# Best Time of Year to Down Live Trees For Firewood?



## BurnIt13 (Oct 18, 2013)

I've done some quick searching and I'm finding mostly non helpful answers like "when you have the time" or "when the weather is cooler".

I know there is a "best" time, based on moisture percentage.  90% of the wood I have available is oak, so I'd like to cut the trees when most of the moisture is out of the tree.

What time of year does the sap and/or moisture go back to to roots?  When does it start coming back?  I'm not an arborist so I'm probably not describing it properly.  What is the science behind this?

An oak cut down in February has a lot less moisture in it than one cut down in August.  With the long seasoning times of oak I'd like to make it count.

Thanks!


----------



## Jags (Oct 18, 2013)

Two schools of thought:
School one: take the trees down during the time that the least amount of sap is running (winter).
School two: Living leaves will suck moisture from the branches/trunk.

The reality is: the sooner the better.  To take it one step further - whatever gets it spit the quickest.  None of it will really matter until the wood gets split.  Splitting it NOW vs later is ALWAYS better.


----------



## Bigg_Redd (Oct 18, 2013)

BurnIt13 said:


> I've done some quick searching and I'm finding mostly non helpful answers like "when you have the time" or "when the weather is cooler".
> 
> I know there is a "best" time, based on moisture percentage.  90% of the wood I have available is oak, so* I'd like to cut the trees when most of the moisture is out of the tree.*
> 
> ...



I get the jist of your question, but the truth is you are needlessly over-thinking it.  The _best _time to cut wood is today.  The second best time is tomorrow.  The third best is the day after.  Etc.  Regardless of the moisture cycle of a living tree, it won't have less moisture live and standing than bucked and split in your stacks.


----------



## oldspark (Oct 18, 2013)

Same here, get it cut split aand stacked as soon as possibe, cutting wood when the moisture is less or the moon is full is crap.


----------



## Applesister (Oct 18, 2013)

She blinded me with science..
a friend told me there are 2times you can tap for maple sugar. Spring and fall. The second tapping produces alot less sap but still enough to make an effort.
I know this has nothing to do with Oak. Apple pruning is supposed to commence in January. Loggers cut in winter. The bark stays attached to the tree protecting valuable timber. And protecting the forest floor. (frozen)
There may be a science to the sap flow conditions but alot of it appears to be speculation.
I think farmers gathered firewood in january because thats when there was little else to do.
The "right time" might be an old wives tale.
The" sooner you get to it" philosophy works for me.


----------



## BurnIt13 (Oct 18, 2013)

I generally have the problem of too much to do (but who doesn't).  The wood is at my parents house 50 miles away.  So usually when we go and visit its not to cut and split wood.  To process wood I have to to put all other projects aside and dedicate a few months of weekends to get it done.

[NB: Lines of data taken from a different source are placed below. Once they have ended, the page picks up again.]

(* Let $1\le\ell\le n$ and fix $m$ with $0\le m\le\ell$. For every $v\in\bigoplus_{s=0}^m\mathcal{Y}_s$, \[\sum_{i,j=1}^n\mathbf{V}_{ij}(v)\ge\big((\ell-m)n-\ell^2\big)\|v\|^2.\]
   Context: Vectors in $\mathbb{R}^{\binom{n}{\ell}}$ are indexed by $\ell$-subsets of $[n]$. For a sequence $\varphi=(a_1,b_1,\ldots,a_s,b_s)$ of $2s$ distinct elements of $[n]$, $u^\varphi_S=\prod_{i=1}^s(\mathbf{1}_{a_i\in S}-\mathbf{1}_{b_i\in S})$ for $|S|=\ell$ ($u^\varnothing$ is the all-ones vector), and $\mathcal{Y}_s=\mathrm{span}\{u^\varphi:|\varphi|=2s\}$. The voting matrix $\mathbf{V}(v)$ is the symmetric $n\times n$ matrix with $\mathbf{V}_{ii}(v)=0$ and $\mathbf{V}_{ij}(v)=\frac12\sum_{|S|=|T|=\ell}v_Sv_T\mathbf{1}_{S\triangle T=\{i,j\}}$ for $i\ne j$. *)

theory Defs
  imports "HOL-Analysis.Analysis"
begin

text \<open>Vectors in R^(n choose l) are functions from nat sets to reals; only the values
on l-subsets of {1..n} matter (and the u-vectors vanish elsewhere).\<close>

definition lsubsets :: "nat \<Rightarrow> nat \<Rightarrow> nat set set" where
  "lsubsets n l = {S. S \<subseteq> {1..n} \<and> card S = l}"

definition ind :: "bool \<Rightarrow> real" where
  "ind b = (if b then 1 else 0)"

text \<open>phi = [a_1, b_1, ..., a_s, b_s] as a list of length 2s.\<close>
definition uvec :: "nat \<Rightarrow> nat \<Rightarrow> nat list \<Rightarrow> nat set \<Rightarrow> real" where
  "uvec n l phi S = (if S \<in> lsubsets n l then
      (\<Prod>i<length phi div 2. ind (phi ! (2*i) \<in> S) - ind (phi ! (2*i+1) \<in> S)) else 0)"

definition seqs :: "nat \<Rightarrow> nat \<Rightarrow> nat list set" where
  "seqs n s = {phi. length phi = 2 * s \<and> distinct phi \<and> (set phi \<subseteq> {1..n})}"

definition fspan :: "('a \<Rightarrow> real) set \<Rightarrow> ('a \<Rightarrow> real) set" where
  "fspan A = {v. \<exists>F c. finite F \<and> F \<subseteq> A \<and> v = (\<lambda>x. \<Sum>u\<in>F. c u * u x)}"

definition Ysp :: "nat \<Rightarrow> nat \<Rightarrow> nat \<Rightarrow> (nat set \<Rightarrow> real) set" where
  "Ysp n l s = fspan (uvec n l ` seqs n s)"

definition Ysum :: "nat \<Rightarrow> nat \<Rightarrow> nat \<Rightarrow> (nat set \<Rightarrow> real) set" where
  "Ysum n l m = fspan (\<Union>s\<in>{0..m}. Ysp n l s)"

definition voting :: "nat \<Rightarrow> nat \<Rightarrow> (nat set \<Rightarrow> real) \<Rightarrow> nat \<Rightarrow> nat \<Rightarrow> real" where
  "voting n l v i j = (if i = j then 0 else
     (1/2) * (\<Sum>S\<in>lsubsets n l. \<Sum>T\<in>lsubsets n l.
        v S * v T * ind (S - T \<union> (T - S) = {i, j})))"

definition sqnorm :: "nat \<Rightarrow> nat \<Rightarrow> (nat set \<Rightarrow> real) \<Rightarrow> real" where
  "sqnorm n l v = (\<Sum>S\<in>lsubsets n l. (v S)^2)"

end

theory Submission
  imports Defs "HOL-Combinatorics.Transposition"
begin

(* The sum of the entries of V(v) is half of <v, A v>, where A S T counts the ordered pairs
   (i, j), i \<noteq> j, with S \<triangle> T = {i, j}, i.e. A is twice the adjacency matrix of the Johnson
   graph J(n, l). Each u^phi with |phi| = 2s is an eigenvector of A for the eigenvalue
   2((l - s)(n - l - s) - s): if S does not split some pair {a_k, b_k} of phi, the transposition
   of that pair fixes S and negates u^phi, so the terms of (A u^phi) S cancel; otherwise the flips
   exchanging a point of S outside phi with a point of [n] - S outside phi keep the value u^phi S,
   the s flips along a pair of phi negate it, and every other flip leaves the support of u^phi.
   Since A is symmetric, eigenvectors for distinct eigenvalues are orthogonal, so on
   Y_0 + ... + Y_m the quadratic form is at least the least eigenvalue times |v|^2, and
   (l - s)(n - l - s) - s \<ge> (l - m) n - l^2 for s \<le> m. *)

definition kernel_apply :: "'a set \<Rightarrow> ('a \<Rightarrow> 'a \<Rightarrow> real) \<Rightarrow> ('a \<Rightarrow> real) \<Rightarrow> 'a \<Rightarrow> real" where
  "kernel_apply A K w x = (\<Sum>y\<in>A. K x y * w y)"

definition inner_on :: "'a set \<Rightarrow> ('a \<Rightarrow> real) \<Rightarrow> ('a \<Rightarrow> real) \<Rightarrow> real" where
  "inner_on A f g = (\<Sum>x\<in>A. f x * g x)"

definition eigenfun :: "'a set \<Rightarrow> ('a \<Rightarrow> 'a \<Rightarrow> real) \<Rightarrow> real \<Rightarrow> ('a \<Rightarrow> real) \<Rightarrow> bool" where
  "eigenfun A K \<mu> w \<longleftrightarrow> (\<forall>x\<in>A. kernel_apply A K w x = \<mu> * w x)"

lemma kernel_apply_sum: "kernel_apply A K (\<lambda>x. \<Sum>y\<in>F. g y x) x = (\<Sum>y\<in>F. kernel_apply A K (g y) x)"
  unfolding kernel_apply_def by (simp add: sum_distrib_left sum.swap[of _ F])

lemma kernel_apply_scale: "kernel_apply A K (\<lambda>x. c * f x) x = c * kernel_apply A K f x"
  unfolding kernel_apply_def by (simp add: sum_distrib_left mult.left_commute)

lemma inner_on_sum_left: "inner_on A (\<lambda>x. \<Sum>y\<in>F. g y x) f = (\<Sum>y\<in>F. inner_on A (g y) f)"
  unfolding inner_on_def by (simp add: sum_distrib_right sum.swap[of _ F])

lemma inner_on_sum_right: "inner_on A f (\<lambda>x. \<Sum>y\<in>F. g y x) = (\<Sum>y\<in>F. inner_on A f (g y))"
  unfolding inner_on_def by (simp add: sum_distrib_left sum.swap[of _ F])

lemma inner_on_self_nonneg: "inner_on A f f \<ge> 0"
  unfolding inner_on_def by (simp add: sum_nonneg)

lemma eigenfun_lincomb:
  assumes "\<And>y. y \<in> F \<Longrightarrow> eigenfun A K \<mu> (g y)"
  shows "eigenfun A K \<mu> (\<lambda>x. \<Sum>y\<in>F. c y * g y x)"
  unfolding eigenfun_def
proof
  fix x assume "x \<in> A"
  then have "kernel_apply A K (\<lambda>x. \<Sum>y\<in>F. c y * g y x) x = (\<Sum>y\<in>F. c y * (\<mu> * g y x))"
    using assms by (simp add: kernel_apply_sum kernel_apply_scale eigenfun_def)
  then show "kernel_apply A K (\<lambda>x. \<Sum>y\<in>F. c y * g y x) x = \<mu> * (\<Sum>y\<in>F. c y * g y x)"
    by (simp add: sum_distrib_left mult.left_commute)
qed

lemma inner_on_kernel_apply_commute:
  assumes "\<And>x y. K x y = K y x"
  shows "inner_on A (kernel_apply A K f) g = inner_on A f (kernel_apply A K g)"
proof -
  have "inner_on A (kernel_apply A K f) g = (\<Sum>x\<in>A. \<Sum>y\<in>A. K x y * f y * g x)"
    unfolding inner_on_def kernel_apply_def by (simp add: sum_distrib_right)
  also have "\<dots> = (\<Sum>y\<in>A. \<Sum>x\<in>A. K x y * f y * g x)"
    by (rule sum.swap)
  also have "\<dots> = inner_on A f (kernel_apply A K g)"
    unfolding inner_on_def kernel_apply_def by (simp add: sum_distrib_left assms mult_ac)
  finally show ?thesis .
qed

lemma eigenfun_orthogonal:
  assumes "\<And>x y. K x y = K y x" and "eigenfun A K \<mu> f" "eigenfun A K \<mu>' g" "\<mu> \<noteq> \<mu>'"
  shows "inner_on A f g = 0"
proof -
  have "inner_on A (kernel_apply A K f) g = \<mu> * inner_on A f g"
    using assms(2) unfolding eigenfun_def inner_on_def by (simp add: sum_distrib_left mult_ac)
  moreover have "inner_on A f (kernel_apply A K g) = \<mu>' * inner_on A f g"
    using assms(3) unfolding eigenfun_def inner_on_def by (simp add: sum_distrib_left mult_ac)
  moreover have "inner_on A (kernel_apply A K f) g = inner_on A f (kernel_apply A K g)"
    using assms(1) by (rule inner_on_kernel_apply_commute)
  ultimately show ?thesis
    using assms(4) by simp
qed

text \<open>Grouping the summands of v by eigenvalue splits v into pairwise orthogonal eigenfunctions.\<close>
lemma quadratic_form_ge_min_eigenvalue:
  assumes sym: "\<And>x y. K x y = K y x" and F: "finite F"
    and eig: "\<And>y. y \<in> F \<Longrightarrow> eigenfun A K (\<mu> y) y" and ge: "\<And>y. y \<in> F \<Longrightarrow> c \<le> \<mu> y"
    and v: "v = (\<lambda>x. \<Sum>y\<in>F. a y * y x)"
  shows "c * inner_on A v v \<le> inner_on A v (kernel_apply A K v)"
proof -
  define M where "M = \<mu> ` F"
  define w where "w m x = (\<Sum>y\<in>{y\<in>F. \<mu> y = m}. a y * y x)" for m x
  have w_eig: "eigenfun A K m (w m)" for m
    unfolding w_def by (rule eigenfun_lincomb) (use eig in auto)
  have v_w: "v = (\<lambda>x. \<Sum>m\<in>M. w m x)"
    unfolding v w_def M_def by (rule ext, rule sum.image_gen[OF F])
  have inner_v_w: "inner_on A v (w m) = inner_on A (w m) (w m)" if "m \<in> M" for m
  proof -
    have "inner_on A v (w m) = (\<Sum>m'\<in>M. if m' = m then inner_on A (w m) (w m) else 0)"
      unfolding v_w inner_on_sum_left
      by (rule sum.cong) (use eigenfun_orthogonal[OF sym w_eig w_eig] in auto)
    then show ?thesis using that F M_def by simp
  qed
  have "inner_on A v (kernel_apply A K v) = (\<Sum>m\<in>M. m * inner_on A v (w m))"
  proof -
    have "kernel_apply A K v x = (\<Sum>m\<in>M. m * w m x)" if "x \<in> A" for x
      using w_eig that by (simp add: v_w kernel_apply_sum eigenfun_def)
    then have "inner_on A v (kernel_apply A K v) = inner_on A v (\<lambda>x. \<Sum>m\<in>M. m * w m x)"
      unfolding inner_on_def by simp
    then show ?thesis
      by (simp add: inner_on_sum_right) (simp add: inner_on_def sum_distrib_left mult_ac)
  qed
  also have "\<dots> = (\<Sum>m\<in>M. m * inner_on A (w m) (w m))"
    using inner_v_w by simp
  also have "\<dots> \<ge> (\<Sum>m\<in>M. c * inner_on A (w m) (w m))"
    by (intro sum_mono mult_right_mono) (use ge M_def inner_on_self_nonneg in auto)
  also have "(\<Sum>m\<in>M. c * inner_on A (w m) (w m)) = c * inner_on A v v"
  proof -
    have "inner_on A v v = (\<Sum>m\<in>M. inner_on A v (w m))"
      by (subst (2) v_w) (rule inner_on_sum_right)
    then show ?thesis
      using inner_v_w by (simp add: sum_distrib_left)
  qed
  finally show ?thesis .
qed

lemma finite_lsubsets: "finite (lsubsets n l)"
  unfolding lsubsets_def by (rule finite_subset[of _ "Pow {1..n}"]) auto

definition flip_count :: "nat \<Rightarrow> nat set \<Rightarrow> nat set \<Rightarrow> real" where
  "flip_count n S T = (\<Sum>i\<in>{1..n}. \<Sum>j\<in>{1..n}. if i = j then 0 else ind (sym_diff S T = {i, j}))"

lemma flip_count_sym: "flip_count n S T = flip_count n T S"
proof -
  have "sym_diff S T = sym_diff T S" by blast
  then show ?thesis unfolding flip_count_def by (simp only:)
qed

lemma sum_swap_pairs:
  "(\<Sum>i\<in>I. \<Sum>j\<in>J. \<Sum>x\<in>A. \<Sum>y\<in>B. f i j x y)
     = (\<Sum>x\<in>A. \<Sum>y\<in>B. \<Sum>i\<in>I. \<Sum>j\<in>J. (f i j x y :: real))"
proof -
  have "(\<Sum>i\<in>I. \<Sum>j\<in>J. \<Sum>x\<in>A. \<Sum>y\<in>B. f i j x y) = (\<Sum>i\<in>I. \<Sum>x\<in>A. \<Sum>j\<in>J. \<Sum>y\<in>B. f i j x y)"
    by (rule sum.cong[OF refl], rule sum.swap)
  also have "\<dots> = (\<Sum>x\<in>A. \<Sum>i\<in>I. \<Sum>j\<in>J. \<Sum>y\<in>B. f i j x y)"
    by (rule sum.swap)
  also have "\<dots> = (\<Sum>x\<in>A. \<Sum>i\<in>I. \<Sum>y\<in>B. \<Sum>j\<in>J. f i j x y)"
    by (rule sum.cong[OF refl], rule sum.cong[OF refl], rule sum.swap)
  also have "\<dots> = (\<Sum>x\<in>A. \<Sum>y\<in>B. \<Sum>i\<in>I. \<Sum>j\<in>J. f i j x y)"
    by (rule sum.cong[OF refl], rule sum.swap)
  finally show ?thesis .
qed

lemma voting_sum_eq_inner_on:
  "(\<Sum>i=1..n. \<Sum>j=1..n. voting n l v i j)
     = inner_on (lsubsets n l) v (kernel_apply (lsubsets n l) (flip_count n) v) / 2"
proof -
  let ?L = "lsubsets n l"
  let ?e = "\<lambda>i j S T. if i = j then 0 else ind (sym_diff S T = {i, j})"
  have "voting n l v i j = (\<Sum>S\<in>?L. \<Sum>T\<in>?L. v S * v T * ?e i j S T) / 2" for i j
    by (simp add: voting_def)
  then have "(\<Sum>i=1..n. \<Sum>j=1..n. voting n l v i j)
      = (\<Sum>i=1..n. \<Sum>j=1..n. \<Sum>S\<in>?L. \<Sum>T\<in>?L. v S * v T * ?e i j S T) / 2"
    by (simp add: sum_divide_distrib)
  also have "(\<Sum>i=1..n. \<Sum>j=1..n. \<Sum>S\<in>?L. \<Sum>T\<in>?L. v S * v T * ?e i j S T)
      = (\<Sum>S\<in>?L. \<Sum>T\<in>?L. \<Sum>i=1..n. \<Sum>j=1..n. v S * v T * ?e i j S T)"
    by (rule sum_swap_pairs)
  also have "\<dots> = inner_on ?L v (kernel_apply ?L (flip_count n) v)"
    by (simp add: inner_on_def kernel_apply_def flip_count_def sum_distrib_left sum_distrib_right mult_ac)
  finally show ?thesis .
qed

lemma kernel_apply_flip_count:
  assumes "\<And>X. X \<notin> lsubsets n l \<Longrightarrow> w X = 0"
  shows "kernel_apply (lsubsets n l) (flip_count n) w S
           = (\<Sum>i\<in>{1..n}. \<Sum>j\<in>{1..n}. if i = j then 0 else w (sym_diff S {i, j}))"
proof -
  have single: "(\<Sum>T\<in>lsubsets n l. ind (sym_diff S T = {i, j}) * w T) = w (sym_diff S {i, j})" for i j
  proof -
    have "(\<Sum>T\<in>lsubsets n l. ind (sym_diff S T = {i, j}) * w T)
        = (\<Sum>T\<in>lsubsets n l. if T = sym_diff S {i, j} then w T else 0)"
      by (rule sum.cong) (auto simp: ind_def)
    then show ?thesis using assms by (simp add: finite_lsubsets)
  qed
  have "kernel_apply (lsubsets n l) (flip_count n) w S
      = (\<Sum>i\<in>{1..n}. \<Sum>j\<in>{1..n}. \<Sum>T\<in>lsubsets n l.
           (if i = j then 0 else ind (sym_diff S T = {i, j})) * w T)"
    unfolding kernel_apply_def flip_count_def
    by (simp add: sum_distrib_right) (simp only: sum.swap[of _ "lsubsets n l"])
  also have "\<dots> = (\<Sum>i\<in>{1..n}. \<Sum>j\<in>{1..n}. if i = j then 0 else w (sym_diff S {i, j}))"
    by (intro sum.cong refl) (simp add: single)
  finally show ?thesis .
qed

I'm wondering if dedicating these weekends in the summer or winter is better for the sake of the oak that will be seasoning for 3+ years.  In the long run it really doesn't matter but since I don't have the luxury of a 10year stash of wood, if cutting and splitting in the winter will be a 20% difference in MC...why not?  

I'm hoping someone can tell me if there is a notable difference, and how the whole process works. Thanks!


----------



## oldspark (Oct 18, 2013)

We just told you, no, its faster drying once its cut split and stacked .


----------



## wolfonahill (Oct 18, 2013)

I guess winter but how much it makes a difference i don't know...


----------



## oldspark (Oct 18, 2013)

I would say never wait to cut your wood in the winter, thats why we said cut it today, but other wise cut in the winter.
Maybe thats the point we did not make clear.


----------



## Jags (Oct 18, 2013)

I will say it again...splitting it NOW vs later will ALWAYS win.  Even when "seasons" are taken into consideration.  What ever gets it split the soonest.  Waiting 3 months till the winter freeze will NOT compensate the moisture loss of three months split and stacked.


----------



## pen (Oct 18, 2013)

In general, I simply prefer working with live trees if I can do it when the leaves are off. 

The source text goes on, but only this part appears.